[WHAT THE TASK ASKS]
Only one stretch of the records below is wanted: the lines from the one holding "record ('a, 'r)" through the one holding "(\<forall>R\<in>S. \<forall>t\<in>rel A R. map". Return it exactly, both ends included.

[Saved entries]
(* Let $\mathcal F'$ be a finite set of structures in $Rel^{cov}(\Delta,\Delta')$. Suppose there exists a finite set of structures $\mathcal D'$ such that $(\mathcal F',\mathcal D')$ is a finite duality in $Rel^{cov}(\Delta,\Delta')$. Then $\Phi(\mathrm{Forb}(\mathcal F'))=\{\Phi(\mathbf A'):\mathbf A'\in\mathrm{Forb}(\mathcal F')\}$ coincides with $CSP(\Phi(\mathcal D'))=\bigcup_{\mathbf D'\in\mathcal D'}CSP(\Phi(\mathbf D'))$. Explicitly: for every $\mathbf A\in Rel(\Delta)$ there exists $\mathbf A'\in Rel(\Delta,\Delta')$ with $\Phi(\mathbf A')=\mathbf A$ and $\mathbf F'\not\to\mathbf A'$ for every $\mathbf F'\in\mathcal F'$ if and only if $\mathbf A\to\Phi(\mathbf D')$ for some $\mathbf D'\in\mathcal D'$.
   Context: For a finite relational signature $\Delta$, $Rel(\Delta)$ is the class of finite relational structures of signature $\Delta$ with homomorphisms (maps preserving all relations); $\mathbf A\to\mathbf B$ means there is a homomorphism. For disjoint signatures $\Delta,\Delta'$, $Rel(\Delta,\Delta')=Rel(\Delta\cup\Delta')$, and $\Phi:Rel(\Delta,\Delta')\to Rel(\Delta)$ is the forgetful functor deleting the relations of $\Delta'$ (identity on maps). $Rel^{cov}(\Delta,\Delta')$ is the class of structures in $Rel(\Delta,\Delta')$ where all relations in $\Delta'$ have a common arity $r$ and every $r$-tuple of elements belongs to some relation of $\Delta'$, with homomorphisms as morphisms. For a finite set $\mathcal F'$ in a category $\mathcal C$ of structures, $\mathrm{Forb}(\mathcal F')$ is the class of $\mathbf A'\in\mathcal C$ with $\mathbf F'\not\to\mathbf A'$ for all $\mathbf F'\in\mathcal F'$; for a finite set $\mathcal D'$, $CSP(\mathcal D')$ is the class of $\mathbf A'\in\mathcal C$ with $\mathbf A'\to\mathbf D'$ for some $\mathbf D'\in\mathcal D'$. The pair $(\mathcal F',\mathcal D')$ is a finite duality in $\mathcal C$ if $\mathrm{Forb}(\mathcal F')=CSP(\mathcal D')$ in $\mathcal C$. $\Phi(\mathcal D')=\{\Phi(\mathbf D'):\mathbf D'\in\mathcal D'\}$, and $CSP(\Phi(\mathcal D'))$ is taken in $Rel(\Delta)$. *)

theory Defs
  imports Main
begin

text \<open>A relational structure: a universe and an interpretation of each relation
symbol as a set of tuples (lists). Symbols outside the signature are interpreted
as empty relations.\<close>

record ('a, 'r) struc =
  univ :: "'a set"
  rel  :: "'r \<Rightarrow> 'a list set"

definition is_struct :: "'r set \<Rightarrow> ('r \<Rightarrow> nat) \<Rightarrow> ('a, 'r) struc \<Rightarrow> bool" where
  "is_struct S ar A \<longleftrightarrow> finite (univ A)
     \<and> (\<forall>R\<in>S. \<forall>t\<in>rel A R. length t = ar R \<and> set t \<subseteq> univ A)
     \<and> (\<forall>R. R \<notin> S \<longrightarrow> rel A R = {})"

definition hom :: "'r set \<Rightarrow> ('a, 'r) struc \<Rightarrow> ('b, 'r) struc \<Rightarrow> ('a \<Rightarrow> 'b) \<Rightarrow> bool" where
  "hom S A B f \<longleftrightarrow> (\<forall>x\<in>univ A. f x \<in> univ B)
     \<and> (\<forall>R\<in>S. \<forall>t\<in>rel A R. map f t \<in> rel B R)"

definition homto :: "'r set \<Rightarrow> ('a, 'r) struc \<Rightarrow> ('b, 'r) struc \<Rightarrow> bool" where
  "homto S A B \<longleftrightarrow> (\<exists>f. hom S A B f)"

text \<open>Rel^cov(Delta, Delta'): structures of signature Delta \<union> Delta', where all
relations of Delta' have the common arity r, and every r-tuple of elements lies in
some relation of Delta'.\<close>
definition is_cov :: "'r set \<Rightarrow> 'r set \<Rightarrow> ('r \<Rightarrow> nat) \<Rightarrow> nat \<Rightarrow> ('a, 'r) struc \<Rightarrow> bool" where
  "is_cov D D' ar r A \<longleftrightarrow> is_struct (D \<union> D') ar A
     \<and> (\<forall>t. length t = r \<and> set t \<subseteq> univ A \<longrightarrow> (\<exists>R\<in>D'. t \<in> rel A R))"

definition forget :: "'r set \<Rightarrow> ('a, 'r) struc \<Rightarrow> ('a, 'r) struc" where
  "forget D A = \<lparr>univ = univ A, rel = (\<lambda>R. if R \<in> D then rel A R else {})\<rparr>"

definition Forb :: "('a, 'r) struc set \<Rightarrow> 'r set \<Rightarrow> ('b, 'r) struc set \<Rightarrow> ('a, 'r) struc set" where
  "Forb C S F = {A \<in> C. \<forall>F0\<in>F. \<not> homto S F0 A}"

definition CSP :: "('a, 'r) struc set \<Rightarrow> 'r set \<Rightarrow> ('b, 'r) struc set \<Rightarrow> ('a, 'r) struc set" where
  "CSP C S D = {A \<in> C. \<exists>D0\<in>D. homto S A D0}"

end

theory Submission
  imports Defs
begin

text \<open>Forgetting the relations of \<open>\<Delta>'\<close> maps \<open>CSP(\<D>')\<close> onto \<open>CSP(\<Phi>(\<D>'))\<close>: a homomorphism
  \<open>f : A \<rightarrow> \<Phi>(D')\<close> lifts to \<open>A' \<rightarrow> D'\<close>, where \<open>A'\<close> extends \<open>A\<close> by pulling back the
  relations of \<open>\<Delta>'\<close> along \<open>f\<close>; \<open>A'\<close> is covering because \<open>D'\<close> is. By the duality,
  \<open>CSP(\<D>')\<close> is \<open>Forb(\<F>')\<close>.\<close>

lemma hom_mono_signature: "S \<subseteq> T \<Longrightarrow> hom T A B f \<Longrightarrow> hom S A B f"
  unfolding hom_def by blast

lemma hom_forget_iff: "hom S (forget S A) (forget S B) f \<longleftrightarrow> hom S A B f"
  unfolding hom_def forget_def by auto

lemma is_struct_forget: "is_struct (S \<union> T) ar A \<Longrightarrow> is_struct S ar (forget S A)"
  unfolding is_struct_def forget_def by auto

lemma forget_is_struct:
  assumes "is_struct S ar A" shows "forget S A = A"
proof -
  have "(\<lambda>R. if R \<in> S then rel A R else {}) = rel A"
    using assms unfolding is_struct_def by (simp add: fun_eq_iff)
  then show ?thesis unfolding forget_def by simp
qed

definition pullback_ext ::
    "'r set \<Rightarrow> 'r set \<Rightarrow> ('r \<Rightarrow> nat) \<Rightarrow> ('a, 'r) struc \<Rightarrow> ('b, 'r) struc \<Rightarrow> ('a \<Rightarrow> 'b)
       \<Rightarrow> ('a, 'r) struc" where
  "pullback_ext S T ar A B f =
     \<lparr>univ = univ A,
      rel = (\<lambda>R. if R \<in> S then rel A R
                 else if R \<in> T then {t. set t \<subseteq> univ A \<and> length t = ar R \<and> map f t \<in> rel B R}
                 else {})\<rparr>"

lemma forget_pullback_ext:
  assumes "is_struct S ar A" shows "forget S (pullback_ext S T ar A B f) = A"
proof -
  have "forget S (pullback_ext S T ar A B f) = forget S A"
    unfolding forget_def pullback_ext_def by (simp add: fun_eq_iff)
  with forget_is_struct[OF assms] show ?thesis by simp
qed

lemma hom_pullback_ext:
  "hom S A B f \<Longrightarrow> hom (S \<union> T) (pullback_ext S T ar A B f) B f"
  unfolding hom_def pullback_ext_def by auto

lemma is_cov_pullback_ext:
  assumes A: "is_struct S ar A" and f: "hom S A B f" and B: "is_cov S T ar r B"
    and disj: "S \<inter> T = {}" and arity: "\<forall>R\<in>T. ar R = r"
  shows "is_cov S T ar r (pullback_ext S T ar A B f)"
  unfolding is_cov_def
proof (intro conjI allI impI)
  show "is_struct (S \<union> T) ar (pullback_ext S T ar A B f)"
    using A unfolding is_struct_def pullback_ext_def by auto
next
  fix t assume t: "length t = r \<and> set t \<subseteq> univ (pullback_ext S T ar A B f)"
  then have "length (map f t) = r \<and> set (map f t) \<subseteq> univ B"
    using f unfolding hom_def pullback_ext_def by auto
  then obtain R where "R \<in> T" "map f t \<in> rel B R"
    using B unfolding is_cov_def by blast
  with t disj arity show "\<exists>R\<in>T. t \<in> rel (pullback_ext S T ar A B f) R"
    unfolding pullback_ext_def by auto
qed

lemma forget_image_CSP_cov:
  fixes Ds :: "('b, 'r) struc set"
  assumes disj: "S \<inter> T = {}" and arity: "\<forall>R\<in>T. ar R = r"
    and Ds: "\<forall>D\<in>Ds. is_cov S T ar r D"
  shows "forget S ` CSP {A :: ('a, 'r) struc. is_cov S T ar r A} (S \<union> T) Ds
         = CSP {A. is_struct S ar A} S (forget S ` Ds)"
proof
  show "forget S ` CSP {A :: ('a, 'r) struc. is_cov S T ar r A} (S \<union> T) Ds
        \<subseteq> CSP {A. is_struct S ar A} S (forget S ` Ds)"
    using is_struct_forget hom_mono_signature[of S "S \<union> T"] hom_forget_iff
    unfolding CSP_def homto_def is_cov_def by blast
next
  show "CSP {A. is_struct S ar A} S (forget S ` Ds)
        \<subseteq> forget S ` CSP {A :: ('a, 'r) struc. is_cov S T ar r A} (S \<union> T) Ds"
  proof
    fix A :: "('a, 'r) struc"
    assume "A \<in> CSP {A. is_struct S ar A} S (forget S ` Ds)"
    then obtain D f where A: "is_struct S ar A" and D: "D \<in> Ds"
      and f: "hom S A (forget S D) f"
      unfolding CSP_def homto_def by auto
    from f have f': "hom S A D f"
      using hom_forget_iff[of S A D f] forget_is_struct[OF A] by simp
    let ?A' = "pullback_ext S T ar A D f"
    have "?A' \<in> CSP {A. is_cov S T ar r A} (S \<union> T) Ds"
      using is_cov_pullback_ext[OF A f' _ disj arity] hom_pullback_ext[OF f'] D Ds
      unfolding CSP_def homto_def by blast
    then show "A \<in> forget S ` CSP {A. is_cov S T ar r A} (S \<union> T) Ds"
      using forget_pullback_ext[OF A] by (metis image_eqI)
  qed
qed

theorem theorem10:
  fixes Delta Delta' :: "'r set" and ar :: "'r \<Rightarrow> nat" and r :: nat
    and F' D' :: "(nat, 'r) struc set"
  assumes "finite Delta" and "finite Delta'" and "Delta \<inter> Delta' = {}"
    and "\<forall>R\<in>Delta'. ar R = r"
    and "finite F'" and "\<forall>F\<in>F'. is_cov Delta Delta' ar r F"
    and "finite D'" and "\<forall>D\<in>D'. is_cov Delta Delta' ar r D"
    and "Forb {A :: (nat, 'r) struc. is_cov Delta Delta' ar r A} (Delta \<union> Delta') F'
         = CSP {A :: (nat, 'r) struc. is_cov Delta Delta' ar r A} (Delta \<union> Delta') D'"
  shows "forget Delta ` Forb {A :: (nat, 'r) struc. is_cov Delta Delta' ar r A} (Delta \<union> Delta') F'
         = CSP {A :: (nat, 'r) struc. is_struct Delta ar A} Delta (forget Delta ` D')"
  using forget_image_CSP_cov[OF assms(3,4,8)] assms(9) by simp

end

[EXERCISE ANSWER]
record ('a, 'r) struc =
  univ :: "'a set"
  rel  :: "'r \<Rightarrow> 'a list set"

definition is_struct :: "'r set \<Rightarrow> ('r \<Rightarrow> nat) \<Rightarrow> ('a, 'r) struc \<Rightarrow> bool" where
  "is_struct S ar A \<longleftrightarrow> finite (univ A)
     \<and> (\<forall>R\<in>S. \<forall>t\<in>rel A R. length t = ar R \<and> set t \<subseteq> univ A)
     \<and> (\<forall>R. R \<notin> S \<longrightarrow> rel A R = {})"

definition hom :: "'r set \<Rightarrow> ('a, 'r) struc \<Rightarrow> ('b, 'r) struc \<Rightarrow> ('a \<Rightarrow> 'b) \<Rightarrow> bool" where
  "hom S A B f \<longleftrightarrow> (\<forall>x\<in>univ A. f x \<in> univ B)
     \<and> (\<forall>R\<in>S. \<forall>t\<in>rel A R. map f t \<in> rel B R)"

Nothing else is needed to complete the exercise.